[Task goal] Find the line containing "is_query Q \<and> is_dataset" in the entries below. Restate it and each line after it, word for word, up to and including the line containing "entails (prog_with_data (snd Q) D) (Atom".

[Data]
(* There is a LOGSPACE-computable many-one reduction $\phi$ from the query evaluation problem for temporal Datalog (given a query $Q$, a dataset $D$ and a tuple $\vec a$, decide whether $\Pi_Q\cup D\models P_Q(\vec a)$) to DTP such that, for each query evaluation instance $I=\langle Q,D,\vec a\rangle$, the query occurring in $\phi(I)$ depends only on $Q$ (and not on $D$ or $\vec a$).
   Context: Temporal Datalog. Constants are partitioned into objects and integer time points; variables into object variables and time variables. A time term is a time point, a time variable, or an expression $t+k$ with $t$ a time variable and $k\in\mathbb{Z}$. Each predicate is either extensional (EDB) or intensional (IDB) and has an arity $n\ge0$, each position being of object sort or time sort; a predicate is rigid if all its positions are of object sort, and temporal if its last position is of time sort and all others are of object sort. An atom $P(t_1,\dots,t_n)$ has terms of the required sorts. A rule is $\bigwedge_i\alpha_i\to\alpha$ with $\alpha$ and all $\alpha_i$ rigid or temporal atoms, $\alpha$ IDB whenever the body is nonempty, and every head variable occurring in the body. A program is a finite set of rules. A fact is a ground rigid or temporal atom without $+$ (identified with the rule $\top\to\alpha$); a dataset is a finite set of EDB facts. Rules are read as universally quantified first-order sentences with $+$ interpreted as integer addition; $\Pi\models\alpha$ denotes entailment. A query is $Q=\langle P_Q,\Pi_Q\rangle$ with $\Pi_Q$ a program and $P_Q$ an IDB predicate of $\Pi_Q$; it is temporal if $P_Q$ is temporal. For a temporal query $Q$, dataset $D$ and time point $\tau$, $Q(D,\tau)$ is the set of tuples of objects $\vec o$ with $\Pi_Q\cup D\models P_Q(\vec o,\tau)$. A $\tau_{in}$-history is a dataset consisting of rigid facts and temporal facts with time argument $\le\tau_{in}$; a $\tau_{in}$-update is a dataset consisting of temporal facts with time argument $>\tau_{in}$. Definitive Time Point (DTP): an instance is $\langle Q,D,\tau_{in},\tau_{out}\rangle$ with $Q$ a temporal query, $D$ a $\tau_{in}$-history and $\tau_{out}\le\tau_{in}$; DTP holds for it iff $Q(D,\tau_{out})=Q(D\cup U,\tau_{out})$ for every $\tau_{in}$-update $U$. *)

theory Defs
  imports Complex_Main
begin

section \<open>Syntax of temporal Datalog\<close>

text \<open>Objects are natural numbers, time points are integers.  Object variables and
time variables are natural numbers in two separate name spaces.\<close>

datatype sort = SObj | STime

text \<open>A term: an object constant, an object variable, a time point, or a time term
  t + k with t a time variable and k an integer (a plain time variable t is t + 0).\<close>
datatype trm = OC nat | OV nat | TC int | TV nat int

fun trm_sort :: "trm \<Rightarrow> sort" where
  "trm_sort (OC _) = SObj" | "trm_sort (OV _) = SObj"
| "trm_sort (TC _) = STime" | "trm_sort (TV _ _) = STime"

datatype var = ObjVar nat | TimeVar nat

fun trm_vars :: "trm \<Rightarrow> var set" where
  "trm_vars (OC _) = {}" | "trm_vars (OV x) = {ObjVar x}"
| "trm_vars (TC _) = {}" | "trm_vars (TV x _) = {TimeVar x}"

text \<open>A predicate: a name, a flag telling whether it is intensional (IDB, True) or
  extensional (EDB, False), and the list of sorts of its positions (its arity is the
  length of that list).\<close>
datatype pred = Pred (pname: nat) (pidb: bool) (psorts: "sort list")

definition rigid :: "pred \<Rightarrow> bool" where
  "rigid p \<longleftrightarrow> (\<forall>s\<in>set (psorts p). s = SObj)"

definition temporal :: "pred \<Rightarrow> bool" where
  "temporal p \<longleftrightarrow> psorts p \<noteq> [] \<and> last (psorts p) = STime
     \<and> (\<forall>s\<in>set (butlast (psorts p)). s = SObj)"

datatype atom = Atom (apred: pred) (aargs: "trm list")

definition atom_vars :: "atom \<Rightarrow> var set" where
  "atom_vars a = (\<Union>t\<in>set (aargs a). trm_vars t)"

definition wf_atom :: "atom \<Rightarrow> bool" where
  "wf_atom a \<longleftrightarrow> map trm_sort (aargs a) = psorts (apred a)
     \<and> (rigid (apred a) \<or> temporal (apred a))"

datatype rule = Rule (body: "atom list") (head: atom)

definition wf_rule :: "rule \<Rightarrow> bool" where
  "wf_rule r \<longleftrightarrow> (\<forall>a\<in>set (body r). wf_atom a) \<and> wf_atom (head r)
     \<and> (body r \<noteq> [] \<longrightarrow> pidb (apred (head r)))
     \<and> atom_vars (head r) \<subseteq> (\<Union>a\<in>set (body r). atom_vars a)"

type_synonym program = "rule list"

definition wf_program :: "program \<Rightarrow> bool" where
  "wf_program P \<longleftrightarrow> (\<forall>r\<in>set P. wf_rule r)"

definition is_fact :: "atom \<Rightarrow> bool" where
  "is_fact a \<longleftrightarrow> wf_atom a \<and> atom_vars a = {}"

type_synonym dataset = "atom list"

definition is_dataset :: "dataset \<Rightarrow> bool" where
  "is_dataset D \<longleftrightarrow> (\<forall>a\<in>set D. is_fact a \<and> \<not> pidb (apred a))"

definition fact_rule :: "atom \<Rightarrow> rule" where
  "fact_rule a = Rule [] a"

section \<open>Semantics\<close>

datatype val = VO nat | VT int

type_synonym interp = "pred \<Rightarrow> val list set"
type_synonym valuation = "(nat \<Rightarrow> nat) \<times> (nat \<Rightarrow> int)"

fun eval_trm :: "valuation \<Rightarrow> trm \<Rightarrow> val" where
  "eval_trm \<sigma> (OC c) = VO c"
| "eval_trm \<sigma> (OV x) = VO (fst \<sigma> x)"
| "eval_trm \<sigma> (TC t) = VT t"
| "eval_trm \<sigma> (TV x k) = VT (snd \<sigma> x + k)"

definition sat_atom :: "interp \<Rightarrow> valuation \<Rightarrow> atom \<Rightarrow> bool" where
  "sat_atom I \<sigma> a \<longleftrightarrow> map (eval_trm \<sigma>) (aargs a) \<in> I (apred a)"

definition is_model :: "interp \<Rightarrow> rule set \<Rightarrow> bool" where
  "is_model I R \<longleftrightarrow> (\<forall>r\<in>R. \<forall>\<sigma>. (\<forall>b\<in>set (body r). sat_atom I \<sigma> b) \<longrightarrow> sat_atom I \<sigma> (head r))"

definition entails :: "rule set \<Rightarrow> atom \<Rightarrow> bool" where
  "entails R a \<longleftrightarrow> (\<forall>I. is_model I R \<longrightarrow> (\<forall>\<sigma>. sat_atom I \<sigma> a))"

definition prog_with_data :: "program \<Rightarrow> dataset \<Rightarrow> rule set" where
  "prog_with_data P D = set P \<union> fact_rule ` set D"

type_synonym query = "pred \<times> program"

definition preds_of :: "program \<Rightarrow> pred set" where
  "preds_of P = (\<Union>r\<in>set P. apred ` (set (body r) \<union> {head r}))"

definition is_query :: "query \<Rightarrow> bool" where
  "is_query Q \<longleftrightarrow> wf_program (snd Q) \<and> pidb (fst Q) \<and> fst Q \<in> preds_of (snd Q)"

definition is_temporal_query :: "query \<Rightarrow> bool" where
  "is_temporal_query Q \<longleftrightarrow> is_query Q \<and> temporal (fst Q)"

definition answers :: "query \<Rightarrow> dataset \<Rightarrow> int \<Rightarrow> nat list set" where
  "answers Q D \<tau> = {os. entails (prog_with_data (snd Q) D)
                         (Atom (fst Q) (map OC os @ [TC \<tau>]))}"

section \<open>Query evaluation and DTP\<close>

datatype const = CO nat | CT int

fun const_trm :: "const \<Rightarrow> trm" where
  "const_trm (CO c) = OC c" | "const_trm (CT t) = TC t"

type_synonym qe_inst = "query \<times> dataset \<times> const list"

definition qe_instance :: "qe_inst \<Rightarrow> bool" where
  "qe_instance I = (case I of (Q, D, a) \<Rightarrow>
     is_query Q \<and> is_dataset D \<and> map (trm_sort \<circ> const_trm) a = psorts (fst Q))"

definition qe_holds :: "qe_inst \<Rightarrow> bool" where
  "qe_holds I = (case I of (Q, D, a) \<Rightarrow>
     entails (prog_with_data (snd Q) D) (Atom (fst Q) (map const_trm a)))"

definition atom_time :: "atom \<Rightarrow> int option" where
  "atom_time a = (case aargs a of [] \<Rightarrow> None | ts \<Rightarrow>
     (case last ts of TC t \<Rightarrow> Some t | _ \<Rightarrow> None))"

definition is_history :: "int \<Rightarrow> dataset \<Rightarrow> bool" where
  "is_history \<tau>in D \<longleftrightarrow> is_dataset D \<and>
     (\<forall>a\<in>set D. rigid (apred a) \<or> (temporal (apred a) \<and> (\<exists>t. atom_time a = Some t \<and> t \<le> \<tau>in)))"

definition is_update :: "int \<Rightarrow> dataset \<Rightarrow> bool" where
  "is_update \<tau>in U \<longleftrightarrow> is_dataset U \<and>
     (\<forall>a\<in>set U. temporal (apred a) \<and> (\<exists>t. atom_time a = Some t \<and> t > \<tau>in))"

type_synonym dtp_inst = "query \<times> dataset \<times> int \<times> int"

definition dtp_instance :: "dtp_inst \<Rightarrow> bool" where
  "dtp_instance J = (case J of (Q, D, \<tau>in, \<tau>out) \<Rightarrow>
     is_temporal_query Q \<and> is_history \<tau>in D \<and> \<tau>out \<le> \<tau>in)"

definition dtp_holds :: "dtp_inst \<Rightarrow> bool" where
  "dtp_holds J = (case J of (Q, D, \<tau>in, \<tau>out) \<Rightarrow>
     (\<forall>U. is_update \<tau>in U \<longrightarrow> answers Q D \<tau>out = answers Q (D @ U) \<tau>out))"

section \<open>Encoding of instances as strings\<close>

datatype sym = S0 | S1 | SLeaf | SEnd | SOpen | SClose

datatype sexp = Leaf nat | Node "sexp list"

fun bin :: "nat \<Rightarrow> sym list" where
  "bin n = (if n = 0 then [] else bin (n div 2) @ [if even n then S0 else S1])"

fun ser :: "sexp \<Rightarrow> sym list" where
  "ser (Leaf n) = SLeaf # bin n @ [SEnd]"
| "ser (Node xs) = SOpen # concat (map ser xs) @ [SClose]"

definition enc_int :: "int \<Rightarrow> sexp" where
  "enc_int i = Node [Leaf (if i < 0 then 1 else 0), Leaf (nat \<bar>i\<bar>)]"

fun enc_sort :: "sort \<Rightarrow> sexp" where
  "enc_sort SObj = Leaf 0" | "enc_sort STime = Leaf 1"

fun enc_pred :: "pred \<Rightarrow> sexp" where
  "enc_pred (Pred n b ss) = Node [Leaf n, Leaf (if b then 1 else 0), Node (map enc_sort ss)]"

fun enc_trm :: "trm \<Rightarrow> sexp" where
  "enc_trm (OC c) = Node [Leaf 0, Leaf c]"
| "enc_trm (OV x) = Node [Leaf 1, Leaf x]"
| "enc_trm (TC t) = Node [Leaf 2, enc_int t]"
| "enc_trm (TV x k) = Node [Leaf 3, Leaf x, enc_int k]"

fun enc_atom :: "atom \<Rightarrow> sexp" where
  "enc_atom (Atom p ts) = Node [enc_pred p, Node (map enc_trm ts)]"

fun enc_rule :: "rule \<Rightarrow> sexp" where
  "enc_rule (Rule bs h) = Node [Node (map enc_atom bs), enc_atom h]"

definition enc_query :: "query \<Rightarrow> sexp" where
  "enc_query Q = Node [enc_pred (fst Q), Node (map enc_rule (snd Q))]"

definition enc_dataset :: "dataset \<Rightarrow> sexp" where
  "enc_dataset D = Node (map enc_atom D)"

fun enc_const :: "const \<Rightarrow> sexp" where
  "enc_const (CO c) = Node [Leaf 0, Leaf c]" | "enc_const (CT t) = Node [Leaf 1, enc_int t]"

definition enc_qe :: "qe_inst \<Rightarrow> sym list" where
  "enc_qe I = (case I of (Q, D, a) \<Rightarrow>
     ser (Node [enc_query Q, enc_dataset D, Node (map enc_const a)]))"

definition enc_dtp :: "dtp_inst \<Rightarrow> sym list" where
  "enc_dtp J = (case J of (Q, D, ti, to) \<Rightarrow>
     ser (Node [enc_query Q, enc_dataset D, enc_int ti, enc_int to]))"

[Task solution]
     is_query Q \<and> is_dataset D \<and> map (trm_sort \<circ> const_trm) a = psorts (fst Q))"

definition qe_holds :: "qe_inst \<Rightarrow> bool" where
  "qe_holds I = (case I of (Q, D, a) \<Rightarrow>
     entails (prog_with_data (snd Q) D) (Atom (fst Q) (map const_trm a)))"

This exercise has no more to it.